Within the transmitter 1008, lowpass filters 1014(1), 1014(2) filter the I and Q analog output signals, respectively, to remove undesired signals caused by the prior digital-to-analog conversion. Amplifiers (AMPs) 1016(1), 1016(2) amplify the signals from the lowpass filters 1014(1), 1014(2), respectively, and provide I and Q baseband signals. An upconverter 1018 upconverts the I and Q baseband signals with I and Q transmit (TX) local oscillator (LO) signals through mixers 1020(1), 1020(2) from a TX LO signal generator 1022 to provide an upconverted signal 1024. A filter 1026 filters the upconverted signal 1024 to remove undesired signals caused by the frequency up-conversion as well as noise in a receive frequency band.
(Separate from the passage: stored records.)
text \<open>The key estimate: a quantity bounded by c plus B times its own phi is at most
  sqrt (2 + 6 B^2) times c, provided c dominates e^e and 1 + 3 B^2.  If it were larger,
  x would exceed both 2 c and 7 B^3, forcing x < 4 B^2 ln (ln x) and then
  x < 64/49 (ln (ln x))^3, contradicting the previous lemma.\<close>

lemma self_bounding:
  fixes B c x :: real
  assumes B1: "B \<ge> 1" and c_ee: "c \<ge> exp (exp 1)" and c_B: "c \<ge> 1 + 3 * B^2"
    and x: "x \<le> c + B * phi x"
  shows "x \<le> sqrt (2 + 6 * B^2) * c"
proof (rule ccontr)
  define a where "a = sqrt (2 + 6 * B^2)"
  assume "\<not> x \<le> sqrt (2 + 6 * B^2) * c"
  then have xa: "x > a * c" unfolding a_def by simp
  have c0: "c > 0" using c_B zero_le_power2[of B] by linarith
  have "B^2 \<ge> 1" using B1 by simp
  then have a2: "a \<ge> 2" unfolding a_def by (intro real_le_rsqrt) simp
  have a7: "a \<ge> 7/3 * B" unfolding a_def
    by (rule real_le_rsqrt) (simp add: power2_eq_square)
  have x2c: "x > 2 * c" using xa mult_right_mono[OF a2 less_imp_le[OF c0]] by linarith
  then have x_ee: "x \<ge> exp (exp 1)" using c_ee c0 by simp
  define ll where "ll = ln (ln x)"
  have ll1: "ll \<ge> 1" unfolding ll_def using lnln_ge_one[OF x_ee] .
  have x1: "x > 1" using x_ee exp_exp1_gt_one by linarith
  have "x / 2 < B * sqrt (x * ll)" using x x2c x_ee by (simp add: phi_def ll_def)
  then have "(x / 2)^2 < (B * sqrt (x * ll))^2" using x1 by (intro power_strict_mono) auto
  also have "\<dots> = B^2 * (x * ll)" using x1 ll1 by (simp add: power_mult_distrib)
  finally have "x * x < x * (4 * B^2 * ll)" by (simp add: power2_eq_square algebra_simps)
  then have x_ll: "x < 4 * B^2 * ll" using x1 by simp
  have "7 * B^3 \<le> a * c"
    using mult_mono[OF a7 c_B] B1 a2 by (simp add: power2_eq_square power3_eq_cube algebra_simps)
  then have "B^2 * (7 * B) < B^2 * (4 * ll)"
    using xa x_ll by (simp add: power2_eq_square power3_eq_cube algebra_simps)
  then have "B \<le> 4 * ll / 7" using B1 by simp
  then have "B^2 \<le> (4 * ll / 7)^2" using B1 by (intro power_mono) auto
  then have "4 * B^2 * ll \<le> 4 * (4 * ll / 7)^2 * ll" using ll1 by simp
  then have "x < 64/49 * ll^3" using x_ll by (simp add: power2_eq_square power3_eq_cube)
  moreover have "4/3 * ll^3 \<le> x" unfolding ll_def using lnln_cube_le[OF x1] .
  moreover have "ll^3 \<ge> 0" using ll1 by simp
  ultimately show False by linarith
qed
lemma mtrace_pow_char_poly_roots:
  fixes A :: "real mat"
  assumes A: "A \<in> carrier_mat n n" and cp: "char_poly A = (\<Prod>r\<leftarrow>rs. [:-r, 1:])"
  shows "mtrace (A ^\<^sub>m k) = (\<Sum>r\<leftarrow>rs. r ^ k)"
proof -
  obtain B P Q where sd: "schur_decomposition A rs = (B, P, Q)" by (cases "schur_decomposition A rs") auto
  from schur_decomposition[OF A cp sd] have sim: "similar_mat_wit A B P Q"
    and ut: "upper_triangular B" and diag: "diag_mat B = rs" by auto
  from similar_mat_witD2[OF A sim] have B: "B \<in> carrier_mat n n" and P: "P \<in> carrier_mat n n"
    and Q: "Q \<in> carrier_mat n n" and QP: "Q * P = 1\<^sub>m n" by auto
  have Bk: "B ^\<^sub>m k \<in> carrier_mat n n" using B by simp
  have "mtrace (A ^\<^sub>m k) = mtrace (Q * (P * B ^\<^sub>m k))"
    unfolding similar_mat_wit_pow_id[OF sim] by (rule mtrace_mult_commute) (use P Bk Q in auto)
  also have "Q * (P * B ^\<^sub>m k) = B ^\<^sub>m k"
    using P Bk Q QP by (simp flip: assoc_mult_mat[OF Q P Bk] add: left_mult_one_mat[OF Bk])
  also have "mtrace (B ^\<^sub>m k) = (\<Sum>i<n. B $$ (i, i) ^ k)"
    using upper_triangular_pow[OF B ut, of k] B by (simp add: mtrace_def)
  also have "\<dots> = (\<Sum>r\<leftarrow>rs. r ^ k)"
    unfolding diag[symmetric] diag_mat_def using B
    by (simp add: interv_sum_list_conv_sum_set_nat lessThan_atLeast0)
  finally show ?thesis .
qed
A power amplifier (PA) 1028 amplifies the upconverted signal 1024 from the filter 1026 to obtain the desired output power level and provides a transmit RF signal. The transmit RF signal is routed through a duplexer or switch 1030 and transmitted via an antenna 1032.
In the receive path, the antenna 1032 receives signals transmitted by base stations and provides a received RF signal, which is routed through the duplexer or switch 1030 and provided to a low noise amplifier (LNA) 1034. The duplexer or switch 1030 is designed to operate with a specific receive (RX)-to-TX duplexer frequency separation, such that RX signals are isolated from TX signals. The received RF signal is amplified by the LNA 1034 and filtered by a filter 1036 to obtain a desired RF input signal. Down-conversion mixers 1038(1), 1038(2) mix the output of the filter 1036 with I and Q RX LO signals (i.e., LO_I and LO_Q) from an RX LO signal generator 1040 to generate I and Q baseband signals. The I and Q baseband signals are amplified by AMPs 1042(1), 1042(2) and further filtered by lowpass filters 1044(1), 1044(2) to obtain I and Q analog input signals, which are provided to the data processor 1006. In this example, the data processor 1006 includes analog-to-digital converters (ADCs) 1046(1), 1046(2) for converting the analog input signals into digital signals to be further processed by the data processor 1006.
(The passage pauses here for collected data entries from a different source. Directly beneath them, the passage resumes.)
lemma orlicz_norm_greatest:
  assumes "young_function \<Phi>" "f \<in> orlicz_space M \<Phi>"
    and "\<And>k. 0 < k \<Longrightarrow> (\<integral>\<^sup>+ x. ennreal (\<Phi> (f x / k)) \<partial>M) \<le> 1 \<Longrightarrow> a \<le> k"
  shows "a \<le> orlicz_norm M \<Phi> f"
proof -
  obtain k where "0 < k" "(\<integral>\<^sup>+ x. ennreal (\<Phi> (f x / k)) \<partial>M) \<le> 1"
    using orlicz_space_admissible[OF assms(1,2)] .
  then show ?thesis unfolding orlicz_norm_def using assms(3) by (intro cInf_greatest) auto
qed

lemma orlicz_norm_indicator_pos:
  assumes Y: "young_function \<Phi>" and S: "S \<in> sets M" "0 < emeasure M S" "emeasure M S < \<infinity>"
  shows "0 < orlicz_norm M \<Phi> (indicator S)"
proof -
  have m: "0 < measure M S" using S(2,3) by (simp add: emeasure_eq_ennreal_measure less_top)
  obtain z where z: "0 < z" "1 / measure M S < \<Phi> z" using young_unbounded[OF Y] .
  have "1 / z \<le> orlicz_norm M \<Phi> (indicator S)"
  proof (rule orlicz_norm_greatest[OF Y indicator_in_orlicz_space[OF Y S(1,3)]])
    fix k assume k: "0 < k" "(\<integral>\<^sup>+ x. ennreal (\<Phi> (indicator S x / k)) \<partial>M) \<le> 1"
    then have "\<Phi> (1 / k) * measure M S \<le> 1"
      using nn_integral_young_indicator_le_1_iff[OF Y S(1,3)] by simp
    also have "1 < \<Phi> z * measure M S" using z m by (simp add: field_simps)
    finally have "\<Phi> (1 / k) < \<Phi> z" by (rule mult_right_less_imp_less) (use m in simp)
    then have "1 / k < z" using young_mono[OF Y, of z "1 / k"] z by force
    then show "1 / z \<le> k" using k z by (simp add: field_simps)
  qed
  then show ?thesis using z(1) by (meson less_le_trans zero_less_divide_1_iff)
qed

lemma young_level_set_measure_le:
  assumes Y: "young_function \<Psi>" and S: "S \<in> sets M" "emeasure M S < \<infinity>"
    and "0 \<le> \<delta>" "0 < k" and h: "AE x in M. x \<in> S \<longrightarrow> \<delta> \<le> \<bar>h x\<bar>"
    and modular: "(\<integral>\<^sup>+ x. ennreal (\<Psi> (h x / k)) \<partial>M) \<le> 1"
  shows "\<Psi> (\<delta> / k) * measure M S \<le> 1"
proof -
  have "ennreal (\<Psi> (\<delta> / k) * measure M S) = (\<integral>\<^sup>+ x. ennreal (\<Psi> (\<delta> / k)) * indicator S x \<partial>M)"
    using S young_nonneg[OF Y]
    by (simp add: nn_integral_cmult_indicator emeasure_eq_ennreal_measure less_top ennreal_mult)
  also have "\<dots> \<le> (\<integral>\<^sup>+ x. ennreal (\<Psi> (h x / k)) \<partial>M)"
  proof (rule nn_integral_mono_AE)
    show "AE x in M. ennreal (\<Psi> (\<delta> / k)) * indicator S x \<le> ennreal (\<Psi> (h x / k))"
      using h
    proof eventually_elim
      case (elim x)
      have "\<Psi> (\<delta> / k) \<le> \<Psi> (h x / k)" if "x \<in> S"
      proof -
        have "\<Psi> (\<delta> / k) \<le> \<Psi> \<bar>h x / k\<bar>"
          using elim that assms(4,5) by (intro young_mono[OF Y]) (auto simp: divide_right_mono)
        then show ?thesis by (simp only: young_abs[OF Y])
      qed
      then show ?case by (auto simp: indicator_def ennreal_leI)
    qed
  qed
  also have "\<dots> \<le> 1" by (rule modular)
  finally show ?thesis by simp
qed

lemma orlicz_norm_indicator_le_admissible:
  assumes young: "young_function \<Phi>" "young_function \<Psi>"
    and ineq: "\<And>x y. 0 \<le> x \<Longrightarrow> 0 \<le> y \<Longrightarrow> \<Phi> (x * y) \<le> \<Psi> x + \<Theta> y"
    and S: "S \<in> sets M" "emeasure M S < \<infinity>" and h: "AE x in M. x \<in> S \<longrightarrow> \<delta> \<le> \<bar>h x\<bar>"
    and \<delta>: "0 < \<delta>" and y: "0 < y" "\<Theta> y \<le> 1 / measure M S"
    and k: "0 < k" "(\<integral>\<^sup>+ x. ennreal (\<Psi> (h x / k)) \<partial>M) \<le> 1"
  shows "orlicz_norm M \<Phi> (indicator S) \<le> 2 * k / (\<delta> * y)"
proof -
  define m where "m = measure M S"
  have m: "0 \<le> m" unfolding m_def by simp
  have "\<Psi> (\<delta> / k) * m \<le> 1"
    unfolding m_def using young_level_set_measure_le[OF young(2) S _ k(1) h k(2)] \<delta> by simp
  moreover have "\<Theta> y * m \<le> 1"
  proof (cases "m = 0")
    case False
    with m have "0 < m" by simp
    with y(2) show ?thesis by (simp add: m_def le_divide_eq)
  qed simp
  moreover have "\<Phi> (\<delta> / k * y) * m \<le> (\<Psi> (\<delta> / k) + \<Theta> y) * m"
    using ineq[of "\<delta> / k" y] \<delta> k y m by (intro mult_right_mono) auto
  ultimately have "\<Phi> (\<delta> / k * y) * m \<le> 2" by (simp add: distrib_right)
  have "\<Phi> ((1 / 2) * (\<delta> / k * y)) * m \<le> (1 / 2) * \<Phi> (\<delta> / k * y) * m"
    using m by (intro mult_right_mono young_scale_le[OF young(1)]) auto
  also have "\<dots> \<le> 1" using \<open>\<Phi> (\<delta> / k * y) * m \<le> 2\<close> by simp
  also have "(1 / 2) * (\<delta> / k * y) = 1 / (2 * k / (\<delta> * y))" by simp
  finally have "\<Phi> (1 / (2 * k / (\<delta> * y))) * m \<le> 1" .
  then have "(\<integral>\<^sup>+ x. ennreal (\<Phi> (indicator S x / (2 * k / (\<delta> * y)))) \<partial>M) \<le> 1"
    unfolding nn_integral_young_indicator_le_1_iff[OF young(1) S] m_def .
  then show ?thesis using \<delta> k y by (intro orlicz_norm_le) auto
qed

lemma orlicz_norm_indicator_mult_le:
  assumes young: "young_function \<Phi>" "young_function \<Psi>"
    and ineq: "\<And>x y. 0 \<le> x \<Longrightarrow> 0 \<le> y \<Longrightarrow> \<Phi> (x * y) \<le> \<Psi> x + \<Theta> y"
    and S: "S \<in> sets M" "emeasure M S < \<infinity>"
    and h: "h \<in> orlicz_space M \<Psi>" "AE x in M. x \<in> S \<longrightarrow> \<delta> \<le> \<bar>h x\<bar>"
    and \<delta>: "0 < \<delta>" and y: "0 < y" "\<Theta> y \<le> 1 / measure M S"
  shows "\<delta> * y * orlicz_norm M \<Phi> (indicator S) \<le> 2 * orlicz_norm M \<Psi> h"
proof -
  have "\<delta> * y * orlicz_norm M \<Phi> (indicator S) / 2 \<le> orlicz_norm M \<Psi> h"
  proof (rule orlicz_norm_greatest[OF young(2) h(1)])
    fix k assume "0 < k" "(\<integral>\<^sup>+ x. ennreal (\<Psi> (h x / k)) \<partial>M) \<le> 1"
    then have "orlicz_norm M \<Phi> (indicator S) \<le> 2 * k / (\<delta> * y)"
      using orlicz_norm_indicator_le_admissible[OF young ineq S h(2) \<delta> y] by blast
    then have "orlicz_norm M \<Phi> (indicator S) * (\<delta> * y) \<le> 2 * k"
      using \<delta> y by (simp add: pos_le_divide_eq)
    then show "\<delta> * y * orlicz_norm M \<Phi> (indicator S) / 2 \<le> k"
      by (simp add: mult.commute)
  qed
  then show ?thesis by simp
qed

lemma real_cond_exp_indicator_mult:
  assumes "sigma_finite_subalgebra M F" and S: "S \<in> sets F"
    and [measurable]: "u \<in> borel_measurable M"
  shows "AE x in M. real_cond_exp M F (\<lambda>y. u y * indicator S y) x = indicator S x * real_cond_exp M F u x"
proof -
  interpret sigma_finite_subalgebra M F by fact
  have [measurable]: "(\<lambda>x. indicator S x :: ennreal) \<in> borel_measurable F" using S by measurable
  have pos: "(\<lambda>y. ennreal (u y * indicator S y)) = (\<lambda>x. indicator S x * ennreal (u x))"
    and neg: "(\<lambda>y. ennreal (- (u y * indicator S y))) = (\<lambda>x. indicator S x * ennreal (- u x))"
    by (auto simp: indicator_def)
  have "AE x in M. indicator S x * nn_cond_exp M F (\<lambda>x. ennreal (u x)) x
      = nn_cond_exp M F (\<lambda>x. indicator S x * ennreal (u x)) x"
    by (rule nn_cond_exp_prod) measurable
  moreover have "AE x in M. indicator S x * nn_cond_exp M F (\<lambda>x. ennreal (- u x)) x
      = nn_cond_exp M F (\<lambda>x. indicator S x * ennreal (- u x)) x"
    by (rule nn_cond_exp_prod) measurable
  ultimately show ?thesis
  proof eventually_elim
    case (elim x)
    show ?case unfolding real_cond_exp_def pos neg elim(1)[symmetric] elim(2)[symmetric]
      by (cases "x \<in> S") auto
  qed
qed

lemma (in sigma_finite_subalgebra) countable_finite_cover:
  obtains W where "countable W" "W \<subseteq> sets F" "\<Union>W = space M" "\<And>a. a \<in> W \<Longrightarrow> emeasure M a < \<infinity>"
proof -
  obtain W where W: "countable W" "W \<subseteq> sets (restr_to_subalg M F)" "\<Union>W = space (restr_to_subalg M F)"
      "\<forall>a\<in>W. emeasure (restr_to_subalg M F) a \<noteq> \<infinity>"
    using sigma_finite_measure.sigma_finite_countable[OF sigma_fin_subalg] by blast
  have "W \<subseteq> sets F" using W(2) sets_restr_to_subalg[OF subalg] by simp
  moreover have "emeasure M a < \<infinity>" if "a \<in> W" for a
  proof -
    have "a \<in> sets F" using that \<open>W \<subseteq> sets F\<close> by blast
    moreover have "emeasure (restr_to_subalg M F) a \<noteq> \<infinity>" using W(4) that by blast
    ultimately show ?thesis by (simp add: emeasure_restr_to_subalg[OF subalg] less_top)
  qed
  ultimately show ?thesis using that W(1,3) unfolding space_restr_to_subalg by blast
qed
In the wireless communications device 1000 of
Those of skill in the art will further appreciate that the various illustrative logical blocks, modules, circuits, and algorithms described in connection with the aspects disclosed herein may be implemented as electronic hardware, instructions stored in memory or in another computer readable medium and executed by a processor or other processing device, or combinations of both. Memory disclosed herein may be any type and size of memory and may be configured to store any type of information desired. To clearly illustrate this interchangeability, various illustrative components, blocks, modules, circuits, and steps have been described above generally in terms of their functionality. How such functionality is implemented depends upon the particular application, design choices, and/or design constraints imposed on the overall system. Skilled artisans may implement the described functionality in varying ways for each particular application, but such implementation decisions should not be interpreted as causing a departure from the scope of the present disclosure.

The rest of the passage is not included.